Jonathan Schlefer, Boston Globe | 22.08.2004 00:23 | Venezuela

although only briefly mentioned, venezuela's major media export (until now with the new Viva TV) were telenovelas, some of which have obviously got pretty political recently...

 http://www.boston.com/news/globe/magazine/articles/2004/01/04/global_must_see_tv?mode=PF

Global Must-See TV

Telenovelas, Spanish-language melodramas from south of the border, are the ultimate crossover phenomenon. Their addictive formula -- a woman's agonizing struggle ending in redemption -- attracts 2 billion viewers worldwide.

By Jonathan Schlefer, 1/4/2004

Matilde Penalver y Beristain, a young woman raised in the 19th-century Mexican aristocracy, gasps. The sight of her husband, Manuel, lying in agony, a bullet lodged in his chest, complicates her romantic dilemma. Forced to marry him for money because of family financial ruin and countless family intrigues, Matilde was determined to hate him. But how can you really hate a guy for little worse than standard male obtuseness? Blissfully innocent of the family intrigues, Manuel somehow manages to convince himself that Matilde loves him. He loves her.

The problem stands by the bedroom door: The man Matilde originally wanted to marry has, under false pretenses, insinuated himself into the household as Manuel's estate manager. Matilde turns toward that man, tears for her husband competing with guilt for shedding them. What's a girl to do? And there is another complication: The servant Antonia has eyes for Manuel and once got a good smooch from him, even if he was drunk at the time.

"Manuel!

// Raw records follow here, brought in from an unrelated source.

(* Let $k\ge3$ and let $\mathcal X\subset\mathbb R$ be a finite set (with distance $d(x,y)=|x-y|$) having a convex-nice $k$-clustering $\mathcal C=\{C_1,\ldots,C_k\}$. Then for every integer $\ell$ with $1\le\ell\le\min_i|C_i|$ there exists an ordering of $\mathcal X$ such that the final centers of sequential $\ell$-means run on this ordering do not induce a refinement of $\mathcal C$.
   Context: A clustering of $\mathcal X$ is a set of nonempty, pairwise disjoint subsets whose union is $\mathcal X$; a $k$-clustering has exactly $k$ clusters. A clustering $\mathcal C=\{C_1,\ldots,C_k\}$ is convex-nice if for any $i\ne j$, any $x,y$ in the convex hull of $C_i$ and any $z$ in the convex hull of $C_j$, $d(y,x)<d(z,x)$. A list $T=(t_1,\ldots,t_m)$ induces the clustering of $\mathcal X$ assigning each $x$ to the index $i$ minimizing $|x-t_i|$ (ties by smallest $i$), empty clusters discarded. $\mathcal C$ is a refinement of $\mathcal C'$ if $x\sim_{\mathcal C}y$ implies $x\sim_{\mathcal C'}y$, where $x\sim_{\mathcal C}y$ means $x,y$ lie in the same cluster of $\mathcal C$. Sequential $\ell$-means on input sequence $x_1,\ldots,x_N$: set $t_i=x_i$, $n_i=1$ for $i=1,\ldots,\ell$; for each subsequent point $x$: let $i$ be the index of the closest center (ties by smallest index), increment $n_i$, and replace $t_i$ by $t_i+(1/n_i)(x-t_i)$. Output the final $(t_1,\ldots,t_\ell)$. *)

theory Defs
  imports "HOL-Analysis.Analysis"
begin

definition is_clustering :: "real set \<Rightarrow> real set set \<Rightarrow> bool" where
  "is_clustering X Cs \<longleftrightarrow>
     (\<forall>C\<in>Cs. C \<noteq> {}) \<and>
     (\<forall>C\<in>Cs. \<forall>D\<in>Cs. C \<noteq> D \<longrightarrow> C \<inter> D = {}) \<and>
     \<Union>Cs = X"

definition convex_nice :: "real set set \<Rightarrow> bool" where
  "convex_nice Cs \<longleftrightarrow>
     (\<forall>Ci\<in>Cs. \<forall>Cj\<in>Cs. Ci \<noteq> Cj \<longrightarrow>
        (\<forall>x\<in>convex hull Ci. \<forall>y\<in>convex hull Ci. \<forall>z\<in>convex hull Cj.
           dist y x < dist z x))"

definition same_cluster :: "real set set \<Rightarrow> real \<Rightarrow> real \<Rightarrow> bool" where
  "same_cluster Cs x y \<longleftrightarrow> (\<exists>C\<in>Cs. x \<in> C \<and> y \<in> C)"

definition refines :: "real set set \<Rightarrow> real set set \<Rightarrow> bool" where
  "refines Cs Cs' \<longleftrightarrow> (\<forall>x y. same_cluster Cs x y \<longrightarrow> same_cluster Cs' x y)"

definition closest_idx :: "real list \<Rightarrow> real \<Rightarrow> nat" where
  "closest_idx T x = (LEAST i. i < length T \<and> (\<forall>j<length T. \<bar>x - T ! i\<bar> \<le> \<bar>x - T ! j\<bar>))"

definition induced_clustering :: "real set \<Rightarrow> real list \<Rightarrow> real set set" where
  "induced_clustering X T =
     {{x \<in> X. closest_idx T x = i} | i. i < length T} - {{}}"

text \<open>One step of sequential means: state = (centers, counts).\<close>
definition seq_step :: "real list \<times> nat list \<Rightarrow> real \<Rightarrow> real list \<times> nat list" where
  "seq_step st x = (let T = fst st; n = snd st; i = closest_idx T x; ni = n ! i + 1 in
      (T[i := T ! i + (1 / real ni) * (x - T ! i)], n[i := ni]))"

definition seq_means :: "nat \<Rightarrow> real list \<Rightarrow> real list" where
  "seq_means l xs = fst (foldl seq_step (take l xs, replicate l 1) (drop l xs))"

end

theory Submission imports Defs begin

(* Feed sequential (m+1)-means the points of X in increasing order.
   The first m centers are then the m smallest points, and every later point is
   at least as large as the last center, so it is always assigned to the last
   center, which is updated by a convex combination and hence stays between its
   old value and the incoming point.  Consequently the first m centers never move
   and stay strictly below the last one.  A point x from the suffix drop m xs lies
   above all frozen centers, so it can only be closest to center m-1 or m.  Since
   every cluster has more than m points, each cluster meets this suffix; with at
   least three clusters two of the chosen points lie in different clusters but
   share a center, so the induced clustering does not refine the given one.
   The argument only uses that the clusters partition X and are large enough. *)

lemma closest_idx_spec:
  assumes "T \<noteq> []"
  shows "closest_idx T x < length T \<and> (\<forall>j<length T. \<bar>x - T ! closest_idx T x\<bar> \<le> \<bar>x - T ! j\<bar>)"
proof -
  define d where "d = Min ((\<lambda>u. \<bar>x - u\<bar>) ` set T)"
  have "d \<in> (\<lambda>u. \<bar>x - u\<bar>) ` set T" unfolding d_def using assms by (intro Min_in) auto
  then obtain t where t: "t \<in> set T" "\<bar>x - t\<bar> = d" by blast
  have t_min: "\<forall>u\<in>set T. \<bar>x - t\<bar> \<le> \<bar>x - u\<bar>" using t(2) unfolding d_def by simp
  obtain i where "i < length T" "T ! i = t" using t(1) by (meson in_set_conv_nth)
  then have "\<exists>i. i < length T \<and> (\<forall>j<length T. \<bar>x - T ! i\<bar> \<le> \<bar>x - T ! j\<bar>)"
    using t_min by (metis nth_mem)
  then show ?thesis unfolding closest_idx_def by (rule LeastI_ex)
qed

lemma closest_idx_not_left:
  assumes "i < length T" "j < length T" "T ! i < T ! j" "T ! j \<le> x"
  shows "closest_idx T x \<noteq> i"
proof
  assume "closest_idx T x = i"
  then have "\<bar>x - T ! i\<bar> \<le> \<bar>x - T ! j\<bar>"
    using closest_idx_spec[of T x] assms(2) by fastforce
  with assms(3,4) show False by simp
qed

lemma seq_step_last:
  assumes len: "length T = Suc m" and below: "\<forall>i<m. T ! i < T ! m" and y: "T ! m \<le> y"
  shows "\<exists>t. T ! m \<le> t \<and> t \<le> y \<and> fst (seq_step (T, n) y) = T[m := t]"
proof -
  have "closest_idx T y \<noteq> i" if "i < m" for i
    using closest_idx_not_left[of i T m y] that len below y by simp
  moreover have "closest_idx T y < Suc m" using closest_idx_spec[of T y] len by force
  ultimately have ci: "closest_idx T y = m" using less_Suc_eq by blast
  define c where "c = 1 / real (n ! m + 1)"
  have c: "0 \<le> c" "c \<le> 1" unfolding c_def by (auto simp: field_simps)
  define t where "t = T ! m + c * (y - T ! m)"
  have "T ! m \<le> t" unfolding t_def using c y by simp
  moreover have "t \<le> y" unfolding t_def using c y by (smt (verit) mult_left_le_one_le)
  moreover have "fst (seq_step (T, n) y) = T[m := t]"
    unfolding seq_step_def Let_def t_def c_def by (simp add: ci)
  ultimately show ?thesis by blast
qed

lemma foldl_seq_step_frozen:
  assumes "length T = Suc m" "\<forall>i<m. T ! i < T ! m" "\<forall>y\<in>set ys. T ! m \<le> y" "sorted ys"
  shows "length (fst (foldl seq_step (T, n) ys)) = Suc m \<and>
    (\<forall>i<m. fst (foldl seq_step (T, n) ys) ! i = T ! i \<and>
           fst (foldl seq_step (T, n) ys) ! i < fst (foldl seq_step (T, n) ys) ! m)"
  using assms
proof (induction ys arbitrary: T n)
  case Nil
  then show ?case by simp
next
  case (Cons y ys)
  obtain t where t: "T ! m \<le> t" "t \<le> y" and step: "fst (seq_step (T, n) y) = T[m := t]"
    using seq_step_last[of T m y n] Cons.prems by auto
  define st where "st = seq_step (T, n) y"
  have st: "st = (T[m := t], snd st)" using step unfolding st_def by (metis prod.collapse)
  have "length (fst (foldl seq_step st ys)) = Suc m \<and>
        (\<forall>i<m. fst (foldl seq_step st ys) ! i = T[m := t] ! i \<and>
               fst (foldl seq_step st ys) ! i < fst (foldl seq_step st ys) ! m)"
    using Cons.IH[of "T[m := t]" "snd st"] Cons.prems t st by fastforce
  then show ?case using Cons.prems(1) unfolding st_def by fastforce
qed

(* Sequential (m+1)-means on a strictly increasing list: every point from
   position m on is closest to one of the two last centers, because the first
   m centers stay frozen at the first m input points. *)
lemma seq_means_sorted_closest:
  assumes sorted: "sorted_wrt (<) xs" and len: "Suc m \<le> length xs"
    and x: "x \<in> set (drop m xs)"
  shows "closest_idx (seq_means (Suc m) xs) x \<in> {m - 1, m}"
proof -
  define T where "T = seq_means (Suc m) xs"
  have lt: "\<And>i j. i < j \<Longrightarrow> j < length xs \<Longrightarrow> xs ! i < xs ! j"
    using sorted by (simp add: sorted_wrt_iff_nth_less)
  have ge: "xs ! i \<le> y" if "i \<le> j" "j < length xs" "y = xs ! j" for i j y
    using lt[of i j] that by (cases "i = j") auto
  have start: "\<forall>i<m. take (Suc m) xs ! i < take (Suc m) xs ! m"
    using lt len by simp
  have rest: "\<forall>y\<in>set (drop (Suc m) xs). take (Suc m) xs ! m \<le> y"
    using ge len by (auto simp: in_set_conv_nth)
  have "sorted (drop (Suc m) xs)"
    using strict_sorted_imp_sorted[OF sorted] by (simp add: sorted_wrt_drop)
  then have T: "length T = Suc m \<and> (\<forall>i<m. T ! i = xs ! i)"
    using foldl_seq_step_frozen[OF _ start rest] len
    unfolding T_def seq_means_def by simp
  have not_frozen: "closest_idx T x \<noteq> c" if c: "c < m - 1" for c
  proof (rule closest_idx_not_left)
    show "c < length T" "m - 1 < length T" using T c by auto
    show "T ! c < T ! (m - 1)" using T lt[of c "m - 1"] c len by simp
    show "T ! (m - 1) \<le> x" using T c x ge[of "m - 1"] len by (auto simp: in_set_conv_nth)
  qed
  have "m - 1 \<le> closest_idx T x" using not_frozen not_less by blast
  moreover have "closest_idx T x < Suc m" using closest_idx_spec[of T x] T by force
  ultimately have "closest_idx T x = m - 1 \<or> closest_idx T x = m" by linarith
  then show ?thesis unfolding T_def by blast
qed

lemma length_seq_means: "length (seq_means l xs) = min l (length xs)"
proof -
  have "length (fst (foldl seq_step st ys)) = length (fst st)" for st ys
    by (induction ys arbitrary: st) (simp_all add: seq_step_def Let_def)
  then show ?thesis unfolding seq_means_def by simp
qed

lemma same_closest_same_induced_cluster:
  assumes "T \<noteq> []" "r \<in> X" "s \<in> X" "closest_idx T r = closest_idx T s"
  shows "same_cluster (induced_clustering X T) r s"
proof -
  define G where "G = {x \<in> X. closest_idx T x = closest_idx T r}"
  have "closest_idx T r < length T" using closest_idx_spec[OF assms(1)] by blast
  then have "G \<in> {{x \<in> X. closest_idx T x = i} | i. i < length T}" unfolding G_def by blast
  moreover have "r \<in> G" "s \<in> G" unfolding G_def using assms by auto
  ultimately have "G \<in> induced_clustering X T" unfolding induced_clustering_def by blast
  with \<open>r \<in> G\<close> \<open>s \<in> G\<close> show ?thesis unfolding same_cluster_def by blast
qed

lemma different_clusters_separated:
  assumes "is_clustering X Cs" "C \<in> Cs" "D \<in> Cs" "C \<noteq> D" "r \<in> C" "s \<in> D"
  shows "\<not> same_cluster Cs r s"
proof
  have disjoint: "\<And>E F. E \<in> Cs \<Longrightarrow> F \<in> Cs \<Longrightarrow> E \<noteq> F \<Longrightarrow> E \<inter> F = {}"
    using assms(1) unfolding is_clustering_def by blast
  assume "same_cluster Cs r s"
  then obtain E where "E \<in> Cs" "r \<in> E" "s \<in> E" unfolding same_cluster_def by blast
  then have "E = C" and "E = D" using disjoint assms(2,3,5,6) by blast+
  with assms(4) show False by simp
qed

lemma shared_center_not_refines:
  assumes clustering: "is_clustering X Cs" and CD: "C \<in> Cs" "D \<in> Cs" "C \<noteq> D" "r \<in> C" "s \<in> D"
    and "T \<noteq> []" "closest_idx T r = closest_idx T s"
  shows "\<not> refines (induced_clustering X T) Cs"
proof -
  have "r \<in> X" "s \<in> X" using clustering CD unfolding is_clustering_def by blast+
  then have "same_cluster (induced_clustering X T) r s"
    using same_closest_same_induced_cluster assms(7,8) by blast
  moreover have "\<not> same_cluster Cs r s" using different_clusters_separated[OF clustering CD] .
  ultimately show ?thesis unfolding refines_def by blast
qed

lemma meets_suffix:
  assumes "set xs = X" "C \<subseteq> X" "m < card C"
  shows "C \<inter> set (drop m xs) \<noteq> {}"
proof
  assume disjoint: "C \<inter> set (drop m xs) = {}"
  have "X = set (take m xs) \<union> set (drop m xs)"
    using assms(1) by (metis append_take_drop_id set_append)
  then have "C \<subseteq> set (take m xs)" using assms(2) disjoint by blast
  then have "card C \<le> card (set (take m xs))" by (simp add: card_mono)
  also have "\<dots> \<le> m" using card_length[of "take m xs"] by simp
  finally show False using assms(3) by simp
qed

lemma pigeonhole_two_values:
  assumes "3 \<le> card Cs" "\<forall>C\<in>Cs. \<exists>r\<in>C. f r \<in> {a, b}"
  shows "\<exists>C\<in>Cs. \<exists>D\<in>Cs. C \<noteq> D \<and> (\<exists>r\<in>C. \<exists>s\<in>D. f r = f s)"
proof -
  obtain A where "A \<subseteq> Cs" "card A = 3" using assms(1) by (meson obtain_subset_with_card_n)
  then obtain C1 C2 C3 where C: "C1 \<in> Cs" "C2 \<in> Cs" "C3 \<in> Cs"
    and distinct: "C1 \<noteq> C2" "C1 \<noteq> C3" "C2 \<noteq> C3"
    by (metis card_3_iff insert_subset)
  obtain r1 r2 r3 where r: "r1 \<in> C1" "r2 \<in> C2" "r3 \<in> C3"
    and f: "f r1 \<in> {a, b}" "f r2 \<in> {a, b}" "f r3 \<in> {a, b}"
    using assms(2) C by meson
  from f have "f r1 = f r2 \<or> f r1 = f r3 \<or> f r2 = f r3" by auto
  then show ?thesis using C distinct r by blast
qed

lemma sorted_run_cluster_meets_last_centers:
  assumes "finite X" "is_clustering X Cs" "C \<in> Cs" "Suc m \<le> card C"
  shows "\<exists>r\<in>C. closest_idx (seq_means (Suc m) (sorted_list_of_set X)) r \<in> {m - 1, m}"
proof -
  define xs where "xs = sorted_list_of_set X"
  have xs: "distinct xs" "set xs = X" "sorted_wrt (<) xs" using assms(1) unfolding xs_def by auto
  have sub: "C \<subseteq> X" using assms(2,3) unfolding is_clustering_def by blast
  have "Suc m \<le> card X" using card_mono[OF assms(1) sub] assms(4) by simp
  then have len: "Suc m \<le> length xs" using distinct_card[OF xs(1)] xs(2) by simp
  have "C \<inter> set (drop m xs) \<noteq> {}" using meets_suffix[OF xs(2) sub] assms(4) by simp
  then obtain r where "r \<in> C" "r \<in> set (drop m xs)" by blast
  then show ?thesis using seq_means_sorted_closest[OF xs(3) len] unfolding xs_def by blast
qed

theorem mainTheorem11:
  fixes X :: "real set" and Cs :: "real set set" and k l :: nat
  assumes "k \<ge> 3"
    and "finite X"
    and "is_clustering X Cs"
    and "card Cs = k"
    and "convex_nice Cs"
    and "1 \<le> l"
    and "\<forall>C\<in>Cs. l \<le> card C"
  shows "\<exists>xs. distinct xs \<and> set xs = X \<and>
           \<not> refines (induced_clustering X (seq_means l xs)) Cs"
proof -
  obtain m where l: "l = Suc m" using assms(6) by (cases l) auto
  define xs where "xs = sorted_list_of_set X"
  define T where "T = seq_means l xs"
  have "\<forall>C\<in>Cs. \<exists>r\<in>C. closest_idx T r \<in> {m - 1, m}"
    using sorted_run_cluster_meets_last_centers[OF assms(2,3)] assms(7)
    unfolding T_def xs_def l by blast
  then obtain C D r s where CD: "C \<in> Cs" "D \<in> Cs" "C \<noteq> D" "r \<in> C" "s \<in> D"
    and same: "closest_idx T r = closest_idx T s"
    using pigeonhole_two_values[of Cs "closest_idx T" "m - 1" m] assms(1,4) by auto
  have "set xs = X" "distinct xs" using assms(2) unfolding xs_def by auto
  moreover have "r \<in> X" using assms(3) CD unfolding is_clustering_def by blast
  ultimately have "xs \<noteq> []" by auto
  then have "0 < length T" unfolding T_def l length_seq_means by simp
  then have "T \<noteq> []" by auto
  then have "\<not> refines (induced_clustering X T) Cs"
    using shared_center_not_refines[OF assms(3) CD _ same] by blast
  then show ?thesis using \<open>set xs = X\<close> \<open>distinct xs\<close> unfolding T_def by blast
qed

end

Manuel!" Antonia cries, caressing his forehead. "Out!" snaps Matilde, yanking her up. "We must clean his wound." Cat fight. The rivals -- now the love-torn Matilde is struggling for her husband -- spill half of the water intended to wash the wound.

Another Mexican telenovela, or television novel (the usual but inapt translation is soap opera), moves a step nearer its conclusion: as the title says, Un Amor Real (A True Love). Broadcast in Mexico this past summer and fall and headed for the United States on the Spanish-language Univision network, it is widely considered one of the best of the genre. This is no cheap studio production. Televisa, the producer, built a whole 19th-century town to film it. The title sequences alone range from a formal waltz, as if from the pages of Tolstoy -- couples in exquisite period attire weaving kaleidoscopic patterns -- to the lonely couple, Matilde and Manuel, standing by the colonial gate of a hacienda in Hidalgo, Mexico.

Latin American telenovelas are carving an extraordinary presence across this country and around the world. In addition to Univision, you can watch them on two other Spanish-language networks in the United States: Telemundo and Azteca America (the last not yet on cable in New England but available via the Dish Network).

In heavily Hispanic cities such as Los Angeles, novela hits sometimes get higher prime-time ratings than any English-language network. In New England, 50,000 or more Hispanic households watch popular novelas such as El Privilegio de Amar (The Privilege to Love) or Salome each evening, and up to 100,000 watch the climactic final episodes, according to WUNI, the local Univision station. This translates into some 300,000 viewers, the station says, or a 40 percent rating among Hispanics. When WUNI went off the air temporarily the afternoon before the final episode of Esmeralda, desperate viewers swamped the switchboard.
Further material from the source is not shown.